I’d been nervous leading up to the trip, knowing that touring cities without knowing the language or where you are, staying in someone else’s house and driving someone else’s car, taking care of someone else’s pet, has its challenges.
Certainly, the fridge our hosts left full of local meats and cheeses and jams was amazing, and the views from the house and the places we drove to and explored — the towns of Nendaz and Vevey and Leukerbad — were incredible. So many lessons come from what we see and do. But so much of any journey we take is also how we all deal with the stresses.

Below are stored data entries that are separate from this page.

text \<open>Adding to f a small multiple of an affine function that is \<plusminus>1 at p and q moves p and q
  to the prescribed sides of the line f = 0 without moving any other point of S across it.\<close>
lemma convex_hulls_disjoint_tilting_line:
  fixes S :: "'a::real_inner set"
  assumes "finite S" "B \<subseteq> S" "p \<noteq> q"
    and f: "\<And>z. f z = a \<bullet> z + b" "f p = 0" "f q = 0"
    and sides: "\<forall>z\<in>S - {p, q}. f z \<noteq> 0 \<and> (z \<in> B \<longleftrightarrow> f z > 0)"
  shows "convex hull B \<inter> convex hull (S - B) = {}"
proof -
  define \<sigma> where "\<sigma> z = (if z \<in> B then 1 else - 1 :: real)" for z
  define k where "k = (\<sigma> q - \<sigma> p) / ((q - p) \<bullet> (q - p))"
  define h where "h z = \<sigma> p + k * ((z - p) \<bullet> (q - p))" for z
  have "(q - p) \<bullet> (q - p) \<noteq> 0"
    using assms(3) by simp
  then have h_pq: "h p = \<sigma> p" "h q = \<sigma> q"
    by (simp_all add: h_def k_def)
  obtain \<epsilon> :: real where \<epsilon>: "\<epsilon> > 0" "\<forall>z\<in>S - {p, q}. \<epsilon> * \<bar>h z\<bar> < \<bar>f z\<bar>"
    using exists_small_perturbation[of "S - {p, q}" f] assms(1) sides by blast
  have side: "if z \<in> B then f z + \<epsilon> * h z > 0 else f z + \<epsilon> * h z < 0"
    if "z \<in> S" for z
  proof (cases "z \<in> {p, q}")
    case True
    then show ?thesis
      using f h_pq \<epsilon>(1) by (auto simp: \<sigma>_def split: if_splits)
  next
    case False
    then have "\<bar>\<epsilon> * h z\<bar> < \<bar>f z\<bar>" "f z \<noteq> 0" "z \<in> B \<longleftrightarrow> f z > 0"
      using \<epsilon> sides that by (auto simp: abs_mult)
    then show ?thesis
      by auto
  qed
  define a' where "a' = a + (\<epsilon> * k) *\<^sub>R (q - p)"
  define b' where "b' = b + \<epsilon> * \<sigma> p - \<epsilon> * k * (p \<bullet> (q - p))"
  have "f z + \<epsilon> * h z = a' \<bullet> z + b'" for z
    by (simp add: a'_def b'_def f h_def inner_add_left inner_diff_left inner_commute algebra_simps)
  then have "\<forall>z\<in>B. a' \<bullet> z > - b'" "\<forall>z\<in>S - B. a' \<bullet> z < - b'"
    using side assms(2) by (fastforce split: if_splits)+
  then show ?thesis
    by (rule convex_hulls_disjoint_if_separated)
qed
lemma pmf_new_row_Fmat_upto:
  assumes k: "Suc k \<le> 2*n-3"
  shows "pmf (choose_L (Fmat_upto k) (Suc k) \<bind>
      (\<lambda>L. return_pmf (new_row (Fmat_upto k) (Suc k) L dk))) (Fmat_upto (Suc k)) =
    (if dk = Fmat n p (Suc k) (Suc k) then step_prob (Suc k) else 0)"
proof -
  let ?place = "\<lambda>L. return_pmf (new_row (Fmat_upto k) (Suc k) L dk)"
  have "pmf (choose_L (Fmat_upto k) (Suc k) \<bind> ?place) (Fmat_upto (Suc k)) =
      pmf (choose_L (Fmat_upto k) (Suc k)) (p (Suc k)) * pmf (?place (p (Suc k))) (Fmat_upto (Suc k))"
  proof (rule pmf_bind_eq_single)
    fix L
    assume "L \<in> set_pmf (choose_L (Fmat_upto k) (Suc k))" and "L \<noteq> p (Suc k)"
    moreover from this(1) have "L \<le> k" "0 < later_children k L"
      by (auto simp: set_pmf_eq pmf_choose_L_Fmat_upto[OF k] split: if_splits)
    moreover from this have "0 < Fmat n p k L"
      using k later_children_le_Fmat[of k L L] by simp
    ultimately show "pmf (?place L) (Fmat_upto (Suc k)) = 0"
      using new_row_Fmat_upto_iff[OF k] by simp
  qed
  also have "\<dots> = (if dk = Fmat n p (Suc k) (Suc k) then step_prob (Suc k) else 0)"
  proof -
    have "0 < Fmat n p k (p (Suc k))"
      using k later_children_parent_pos[of k] later_children_le_Fmat[of k "p (Suc k)"] parent_le[of k]
      by fastforce
    then show ?thesis
      using k parent_le[of k] new_row_Fmat_upto_iff[OF k, of "p (Suc k)"]
      by (simp add: pmf_choose_L_Fmat_upto step_prob_def indicator_def)
  qed
  finally show ?thesis .
qed

lemma pmf_build_Suc_Fmat_upto:
  assumes "Suc k \<le> 2*n-3"
  shows "pmf (build d (Suc k)) (Fmat_upto (Suc k)) = pmf (build d k) (Fmat_upto k) *
    (if d!Suc k = Fmat n p (Suc k) (Suc k) then step_prob (Suc k) else 0)"
proof -
  let ?place = "\<lambda>M L. return_pmf (new_row M (Suc k) L (d!Suc k))"
  have "pmf (build d (Suc k)) (Fmat_upto (Suc k)) =
      pmf (build d k) (Fmat_upto k) *
      pmf (choose_L (Fmat_upto k) (Suc k) \<bind> ?place (Fmat_upto k)) (Fmat_upto (Suc k))"
    unfolding build.simps
  proof (rule pmf_bind_eq_single)
    fix M
    assume "M \<in> set_pmf (build d k)" and "M \<noteq> Fmat_upto k"
    then have "new_row M (Suc k) L (d!Suc k) \<noteq> Fmat_upto (Suc k)" for L
      using new_row_eq_Fmat_upto_imp build_rows_beyond_zero by blast
    then show "pmf (choose_L M (Suc k) \<bind> ?place M) (Fmat_upto (Suc k)) = 0"
      by (simp add: pmf_eq_0_set_pmf) metis
  qed
  then show ?thesis
    using pmf_new_row_Fmat_upto[OF assms] by simp
qed

lemma pmf_build_Fmat_upto:
  "k \<le> 2*n-3 \<Longrightarrow> pmf (build d k) (Fmat_upto k) =
    (if \<forall>i\<le>k. d!i = Fmat n p i i then \<Prod>i\<in>{1..k}. step_prob i else 0)"
proof (induction k)
  case 0
  have "(\<lambda>i j. if i = 0 \<and> j = 0 then d!0 else 0) = Fmat_upto 0 \<longleftrightarrow> d!0 = Fmat n p 0 0"
    by (auto simp: fun_eq_iff Fmat_upto_def Fmat_def)
  then show ?case
    by (auto simp: indicator_def)
next
  case (Suc k)
  then show ?case
    using pmf_build_Suc_Fmat_upto[of k d] by (auto simp: le_Suc_eq)
qed

lemma pmf_build_Fmat:
  assumes "d \<in> valid_diags n"
  shows "pmf (build d (2*n-3)) (Fmat n p) = (if d = diagonal then \<Prod>i\<in>{1..2*n-3}. step_prob i else 0)"
  using pmf_build_Fmat_upto[of "2*n-3" d] valid_diag_eq_diagonal_iff[OF assms]
  by (simp add: Fmat_upto_last)

lemma prod_step_prob:
  "(\<Prod>i\<in>{1..2*n-3}. step_prob i) = 2^(n-1) / (\<Prod>j=1..2*n-2. real (Fmat n p (j-1) (j-1)))"
proof -
  have "{m\<in>{1..2*n-2}. p m = p (2*n-2) \<and> 2*n-3 < m} = {2*n-2}"
    using two_le_n by auto
  then have "step_prob (2*n-2) = 1"
    using Fmat_last_diag by (simp add: step_prob_def later_children_def)
  then have "(\<Prod>i\<in>{1..2*n-3}. step_prob i) = (\<Prod>i\<in>{1..2*n-2}. step_prob i)"
    unfolding last_rank_eq_Suc by simp
  also have "\<dots> = real (\<Prod>i\<in>{1..2*n-2}. later_children (i-1) (p i)) /
      (\<Prod>j=1..2*n-2. real (Fmat n p (j-1) (j-1)))"
    by (simp add: step_prob_def prod_dividef)
  also have "\<dots> = 2^(n-1) / (\<Prod>j=1..2*n-2. real (Fmat n p (j-1) (j-1)))"
    unfolding prod_later_children by simp
  finally show ?thesis .
qed

end

theorem proposition5:
  fixes n :: nat and p :: "nat \<Rightarrow> nat"
  assumes "n \<ge> 2" and "fh_ranked_tree n p"
  shows "pmf (diag_topdown n) (Fmat n p) =
    (1 / catalan (n-1)) * (2 ^ (n-1) / (\<Prod>j=1..2*n-2. real (Fmat n p (j-1) (j-1))))"
proof -
  interpret fh_tree n p
    using assms by unfold_locales
  have finite_diags: "finite (valid_diags n)"
    using valid_diags_eq_positive_walks[OF assms(1)] finite_positive_walks by simp
  have nonempty: "valid_diags n \<noteq> {}"
    using diagonal_in_valid_diags by blast
  have "pmf (diag_topdown n) (Fmat n p) =
      (\<Sum>d\<in>valid_diags n. pmf (build d (2*n-3)) (Fmat n p)) / card (valid_diags n)"
    by (simp add: diag_topdown_def pmf_bind integral_pmf_of_set[OF nonempty finite_diags])
  also have "(\<Sum>d\<in>valid_diags n. pmf (build d (2*n-3)) (Fmat n p)) = (\<Prod>i\<in>{1..2*n-3}. step_prob i)"
    using finite_diags diagonal_in_valid_diags by (simp add: pmf_build_Fmat cong: sum.cong)
  finally show ?thesis
    using prod_step_prob card_valid_diags[OF assms(1)] by simp
qed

Switzerland provided lots of lessons. There was the how to breathe while driving down narrow mountain paths that are two-way but only allow passage of one car at a time alongside thousand-foot cliffs (use that mindfulness training, Steph); the what we do when someone cracks their head on a castle wall (G’s answer: Just hold a paper towel to soak up the blood from the gash and keep on sightseeing); how to handle the chicken in the house, then the hedgehogs (in both cases, just chase and shoo them back out to the yard); how to proceed when one of the kids gets sick and throws up at the thermal baths (let him lie down until he revives and then watch him speedily climb down a 3,000-plus- foot mountain); how to react when the gates come down in the parking lot for the night just after we pull in (just park and pray that it will be there in the morning when the garage opens, because there’s no one to ask and they probably wouldn’t speak English if there was.)
The challenge of relaxing and teaching the kids to relax amidst the many unforeseen adventures of travel is what always stands out in my mind as a big reason to sign on for these kinds of trips. They are a metaphor for the concurrent joys and challenges of everyday life, the ups and the downs that we are going to encounter wherever, whenever.
It is a lifelong lesson I feel blessed to try to learn alongside my kids, to enjoy and appreciate and weather difficulties with a c’est la vie.